United we stand, divided we fall: Integrating Continuous Robot Motion Planning and Discrete Action Planning

12:00 noon, November 10, Tuesday, 2009, ENGR 4201

Speaker

Erion Plaku
Postdoctoral Fellow
Laboratory for Computational Sensing and Robotics
Johns Hopkins University

Abstract

Research in robotics has focused since its inception towards increasing the ability of robots to plan and act on their own in order to complete assigned high-level tasks.

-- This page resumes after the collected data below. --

text \<open>Since \<open>S\<^sup>s\<^sup>a = S\<^sup>+ - S\<^sup>+\<close>, every element of \<open>S\<close> is a combination of four
positive elements, so the finite-dimensional \<open>S\<close> is spanned by finitely many positive
\<open>Q\<^sub>f\<close>, and \<open>e = \<Sum>\<^sub>f Q\<^sub>f\<close> is positive. Write a selfadjoint \<open>X \<in> M\<^sub>n(S)\<close> as
\<open>X\<^sub>i\<^sub>j = \<Sum>\<^sub>f \<gamma>\<^sub>i\<^sub>j\<^sub>f Q\<^sub>f\<close> with all \<open>|\<gamma>\<^sub>i\<^sub>j\<^sub>f| \<le> M\<close>. For positive \<open>Q\<close> one has
\<open>2 |\<langle>Q a, b\<rangle>| \<le> \<langle>Q a, a\<rangle> + \<langle>Q b, b\<rangle>\<close>, which bounds \<open>|\<langle>X \<xi>, \<xi>\<rangle>|\<close> by
\<open>n M \<Sum>\<^sub>i \<langle>e \<xi>\<^sub>i, \<xi>\<^sub>i\<rangle>\<close>; hence \<open>\<lambda> = n M + 1\<close> makes both \<open>\<lambda> (1\<^sub>n \<otimes> e) \<plusminus> X\<close>
positive.\<close>

lemma cscale_zero_right [simp]: "cscale a (0::'a::chilbert) = 0"
proof -
  have "cscale a 0 + cscale a 0 = cscale a (0::'a) + 0"
    using cscale_add_right[of a "0::'a" 0] by simp
  then show ?thesis by simp
qed

lemma cscale_zero_left [simp]: "cscale 0 (x::'a::chilbert) = 0"
proof -
  have "cscale 0 x + cscale 0 x = cscale 0 x + 0"
    using cscale_add_left[of 0 0 x] by simp
  then show ?thesis by simp
qed

lemma cscale_minus_right: "cscale a (- x) = - cscale a (x::'a::chilbert)"
  by (metis add_eq_0_iff cscale_add_right cscale_zero_right right_minus)

lemma cscale_minus_left: "cscale (- a) x = - cscale a (x::'a::chilbert)"
  by (metis add_eq_0_iff cscale_add_left cscale_zero_left right_minus)

lemma cscale_diff_right: "cscale a (x - y) = cscale a x - cscale a (y::'a::chilbert)"
  by (metis diff_conv_add_uminus cscale_add_right cscale_minus_right)

lemma cscale_sum_right: "cscale a (sum f A) = (\<Sum>i\<in>A. cscale a (f i :: 'a::chilbert))"
  by (induction A rule: infinite_finite_induct) (auto simp: cscale_add_right)

lemma cinner_zero_left [simp]: "cinner (0::'a::chilbert) y = 0"
  using cinner_add_left[of "0::'a" 0 y] by simp

lemma cinner_add_right: "cinner x (y + z) = cinner x y + cinner (x::'a::chilbert) z"
  by (metis cinner_add_left cinner_conj complex_cnj_add)

lemma cinner_cscale_right: "cinner x (cscale a y) = cnj a * cinner (x::'a::chilbert) y"
  by (metis cinner_cscale_left cinner_conj complex_cnj_mult)

lemma cinner_sum_left: "cinner (sum f A) y = (\<Sum>i\<in>A. cinner (f i :: 'a::chilbert) y)"
  by (induction A rule: infinite_finite_induct) (auto simp: cinner_add_left)

definition clinear_op :: "('h::chilbert \<Rightarrow> 'h) \<Rightarrow> bool" where
  "clinear_op T \<longleftrightarrow> (\<forall>x y. T (x + y) = T x + T y) \<and> (\<forall>c x. T (cscale c x) = cscale c (T x))"

lemma bounded_op_clinear_op: "bounded_op T \<Longrightarrow> clinear_op T"
  by (simp add: bounded_op_def clinear_op_def)

lemma clinear_opD:
  assumes "clinear_op T"
  shows clinear_op_add: "T (x + y) = T x + T y"
    and clinear_op_cscale: "T (cscale c x) = cscale c (T x)"
  using assms by (simp_all add: clinear_op_def)

text \<open>Polarization: the forms at \<open>x + y\<close> and \<open>x + \<i> y\<close> are real.\<close>
lemma pos_op_cinner_swap:
  assumes pos: "pos_op P" and lin: "clinear_op P"
  shows "cinner (P y) x = cnj (cinner (P x) y)"
proof -
  define u where "u = cinner (P x) y"
  define v where "v = cinner (P y) x"
  have Im_form: "Im (cinner (P z) z) = 0" for z
    using pos unfolding pos_op_def by blast
  have "cinner (P (x + y)) (x + y) = cinner (P x) x + u + v + cinner (P y) y"
    by (simp add: clinear_op_add[OF lin] cinner_add_left cinner_add_right u_def v_def)
  then have Im_sum: "Im u + Im v = 0"
    using Im_form[of "x + y"] Im_form[of x] Im_form[of y] by simp
  have "cinner (P (x + cscale \<i> y)) (x + cscale \<i> y) = cinner (P x) x - \<i> * u + \<i> * v + cinner (P y) y"
    by (simp add: clinear_opD[OF lin] cinner_add_left cinner_add_right cinner_cscale_left
        cinner_cscale_right u_def v_def algebra_simps)
  then have Re_diff: "Re v - Re u = 0"
    using Im_form[of "x + cscale \<i> y"] Im_form[of x] Im_form[of y] by simp
  from Im_sum Re_diff have "v = cnj u" by (simp add: complex_eq_iff)
  then show ?thesis by (simp add: u_def v_def)
qed

text \<open>Expand \<open>\<langle>P (a - w b), a - w b\<rangle> \<ge> 0\<close> with \<open>w\<close> the phase of \<open>\<langle>P a, b\<rangle>\<close>.\<close>
lemma pos_op_cinner_le:
  assumes pos: "pos_op P" and lin: "clinear_op P"
  shows "2 * cmod (cinner (P a) b) \<le> Re (cinner (P a) a) + Re (cinner (P b) b)"
proof (cases "cinner (P a) b = 0")
  case True
  then show ?thesis using pos unfolding pos_op_def by (simp add: add_nonneg_nonneg)
next
  case False
  define u where "u = cinner (P a) b"
  define w where "w = u / of_real (cmod u)"
  have swap: "cinner (P b) a = cnj u"
    unfolding u_def by (rule pos_op_cinner_swap[OF pos lin])
  have norm_sq: "u * cnj u = (of_real (cmod u))\<^sup>2"
    by (metis complex_norm_square of_real_power)
  have "(of_real (cmod u) :: complex) \<noteq> 0"
    using False u_def by simp
  with norm_sq have phase: "cnj w * u = of_real (cmod u)" "w * cnj u = of_real (cmod u)" "w * cnj w = 1"
    unfolding w_def by (simp_all add: field_simps power2_eq_square mult.commute)
  have "cinner (P (a + cscale (- w) b)) (a + cscale (- w) b)
      = cinner (P a) a - cnj w * u - w * cnj u + w * cnj w * cinner (P b) b"
    by (simp add: clinear_opD[OF lin] cinner_add_left cinner_add_right cinner_cscale_left
        cinner_cscale_right swap u_def[symmetric] algebra_simps)
  moreover have "Re (cinner (P (a + cscale (- w) b)) (a + cscale (- w) b)) \<ge> 0"
    using pos unfolding pos_op_def by blast
  ultimately show ?thesis
    unfolding u_def[symmetric] phase by simp
qed

lemma operator_system_closed:
  assumes "operator_system S"
  shows operator_system_zero: "(\<lambda>x. 0) \<in> S"
    and operator_system_add: "T \<in> S \<Longrightarrow> U \<in> S \<Longrightarrow> (\<lambda>x. T x + U x) \<in> S"
    and operator_system_cscale: "T \<in> S \<Longrightarrow> (\<lambda>x. cscale c (T x)) \<in> S"
  using assms unfolding operator_system_def by blast+

lemma operator_system_sum:
  assumes "operator_system S" and "\<And>f. f \<in> A \<Longrightarrow> Q f \<in> S"
  shows "(\<lambda>x. \<Sum>f\<in>A. Q f x) \<in> S"
  using assms(2)
proof (induction A rule: infinite_finite_induct)
  case (insert a A)
  then show ?case
    using operator_system_add[OF assms(1), of "Q a" "\<lambda>x. \<Sum>f\<in>A. Q f x"] by simp
qed (simp_all add: operator_system_zero[OF assms(1)])

lemma operator_system_cartesian_decomp:
  assumes os: "operator_system S" and T: "T \<in> S"
  obtains H K where "H \<in> S_sa S" "K \<in> S_sa S" "\<And>x. T x = H x + cscale \<i> (K x)"
proof -
  obtain T' where T'S: "T' \<in> S" and adj: "\<And>x y. cinner (T x) y = cinner x (T' y)"
    using os T unfolding operator_system_def by blast
  have adj': "cinner (T' x) y = cinner x (T y)" for x y
    by (metis adj cinner_conj)
  define H where "H = (\<lambda>x. cscale (1/2) (T x + T' x))"
  define K where "K = (\<lambda>x. cscale (-\<i>/2) (T x + cscale (-1) (T' x)))"
  have "H \<in> S" "K \<in> S"
    unfolding H_def K_def using T T'S by (intro operator_system_closed[OF os]; simp)+
  moreover have "sa_op H" "sa_op K"
    unfolding sa_op_def H_def K_def
    by (simp_all add: cinner_add_left cinner_add_right cinner_cscale_left cinner_cscale_right
        adj adj' algebra_simps)
  ultimately have "H \<in> S_sa S" "K \<in> S_sa S"
    unfolding S_sa_def by blast+
  moreover have "T x = H x + cscale \<i> (K x)" for x
  proof -
    have "H x + cscale \<i> (K x) = cscale (1/2 + 1/2) (T x) + cscale (1/2 + - 1/2) (T' x)"
      unfolding H_def K_def cscale_add_left cscale_add_right cscale_cscale by (simp add: add_ac)
    then show ?thesis by (simp add: cscale_one)
  qed
  ultimately show ?thesis by (rule that)
qed

text \<open>Writing \<open>T = H + \<i> K\<close> and \<open>H = P\<^sub>0 - P\<^sub>2\<close>, \<open>K = P\<^sub>1 - P\<^sub>3\<close> gives
  \<open>T = \<Sum>k<4. \<i>\<^sup>k P\<^sub>k\<close>.\<close>
lemma operator_system_pos_decomp:
  assumes os: "operator_system S"
    and sa: "S_sa S = {(\<lambda>x. P x - Q x) | P Q. P \<in> S_pos S \<and> Q \<in> S_pos S}"
    and T: "T \<in> S"
  obtains P where "\<And>k. k < 4 \<Longrightarrow> P k \<in> S_pos S"
    and "\<And>x. T x = (\<Sum>k<4. cscale (\<i> ^ k) (P k x))"
proof -
  obtain H K where "H \<in> S_sa S" "K \<in> S_sa S" and TH: "\<And>x. T x = H x + cscale \<i> (K x)"
    using operator_system_cartesian_decomp[OF os T] by blast
  then obtain P0 P1 P2 P3 where pos: "P0 \<in> S_pos S" "P1 \<in> S_pos S" "P2 \<in> S_pos S" "P3 \<in> S_pos S"
    and "H = (\<lambda>x. P0 x - P2 x)" "K = (\<lambda>x. P1 x - P3 x)"
    unfolding sa by blast
  with TH have "T x = (\<Sum>k<4. cscale (\<i> ^ k) (([P0, P1, P2, P3] ! k) x))" for x
    by (simp add: eval_nat_numeral cscale_one cscale_minus_left cscale_diff_right)
  moreover have "[P0, P1, P2, P3] ! k \<in> S_pos S" if "k < 4" for k
    using pos that by (auto simp: less_Suc_eq numeral_eq_Suc)
  ultimately show ?thesis using that by blast
qed

lemma fin_dim_op_pos_spanning:
  fixes S :: "('h::chilbert \<Rightarrow> 'h) set"
  assumes os: "operator_system S" and fd: "fin_dim_op S"
    and sa: "S_sa S = {(\<lambda>x. P x - Q x) | P Q. P \<in> S_pos S \<and> Q \<in> S_pos S}"
  obtains F :: "(('h \<Rightarrow> 'h) \<times> nat) set" and Q
  where "finite F" "\<And>f. f \<in> F \<Longrightarrow> Q f \<in> S_pos S"
    and "\<And>T. T \<in> S \<Longrightarrow> \<exists>\<gamma>. \<forall>x. T x = (\<Sum>f\<in>F. cscale (\<gamma> f) (Q f x))"
proof -
  obtain B where B: "finite B" "B \<subseteq> S" "S = {(\<lambda>x. \<Sum>b\<in>B. cscale (c b) (b x)) | c. True}"
    using fd unfolding fin_dim_op_def by blast
  have "\<forall>b\<in>B. \<exists>Pb. (\<forall>k<4. Pb k \<in> S_pos S) \<and> (\<forall>x. b x = (\<Sum>k<4. cscale (\<i> ^ k) (Pb k x)))"
    using B(2) operator_system_pos_decomp[OF os sa] by (metis subsetD)
  then obtain P where pos: "\<And>b k. b \<in> B \<Longrightarrow> k < 4 \<Longrightarrow> P b k \<in> S_pos S"
    and decomp: "\<And>b x. b \<in> B \<Longrightarrow> b x = (\<Sum>k<4. cscale (\<i> ^ k) (P b k x))"
    by metis
  have "\<exists>\<gamma>. \<forall>x. T x = (\<Sum>f\<in>B \<times> {..<4}. cscale (\<gamma> f) (case_prod P f x))" if "T \<in> S" for T
  proof -
    from that B(3) obtain c where c: "T = (\<lambda>x. \<Sum>b\<in>B. cscale (c b) (b x))"
      by blast
    have "T x = (\<Sum>f\<in>B \<times> {..<4}. cscale (c (fst f) * \<i> ^ snd f) (case_prod P f x))" for x
    proof -
      have "T x = (\<Sum>b\<in>B. cscale (c b) (\<Sum>k<4. cscale (\<i> ^ k) (P b k x)))"
        unfolding c using decomp by simp
      also have "\<dots> = (\<Sum>b\<in>B. \<Sum>k<4. cscale (c b * \<i> ^ k) (P b k x))"
        by (simp add: cscale_sum_right cscale_cscale)
      finally show ?thesis
        by (simp add: sum.cartesian_product split_def)
    qed
    then show ?thesis
      by (intro exI[of _ "\<lambda>f. c (fst f) * \<i> ^ snd f"]) blast
  qed
  with B(1) pos show ?thesis
    using that[of "B \<times> {..<4}" "case_prod P"] by auto
qed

Toward this goal, this talk presents a multi-layered approach that automatically and efficiently plans the sequence of motions the robot needs to execute so that the resulting trajectory is dynamically feasible, avoids collisions with obstacles, and satisfies a given high-level specification. In distinction from traditional approaches in motion planning, the proposed approach can take into account sophisticated high-level specifications given by Finite State Machines, Linear Temporal Logic, STRIPS, Hidden Markov Models, and other planning-domain definition languages. Such expressive models make it possible to specify complex tasks that frequently arise in navigation, manipulation, robotic-assisted surgery, search-and-rescue missions. Initial validation in physics-based simulations with high-dimensional robotic models demonstrate significant computational speedups over related work and show the ability of the proposed approach to efficiently plan valid trajectories that satisfy complex high-level specifications.

Short Bio

Erion Plaku is a Postdoctoral Fellow at the Laboratory for Computational Sensing and Robotics at Johns Hopkins University. He received the Ph.D. degree in Computer Science from Rice University in 2008. His research focuses on motion planning and control of cyber-physical systems for human-machine cooperative or fully automatic task performance in complex domains. Some applications include robot navigation, manipulation, haptic exploration, and robotic-assisted surgery. His research interests encompass robotics, hybrid systems, AI, logic, data mining, and large-scale distributed computing.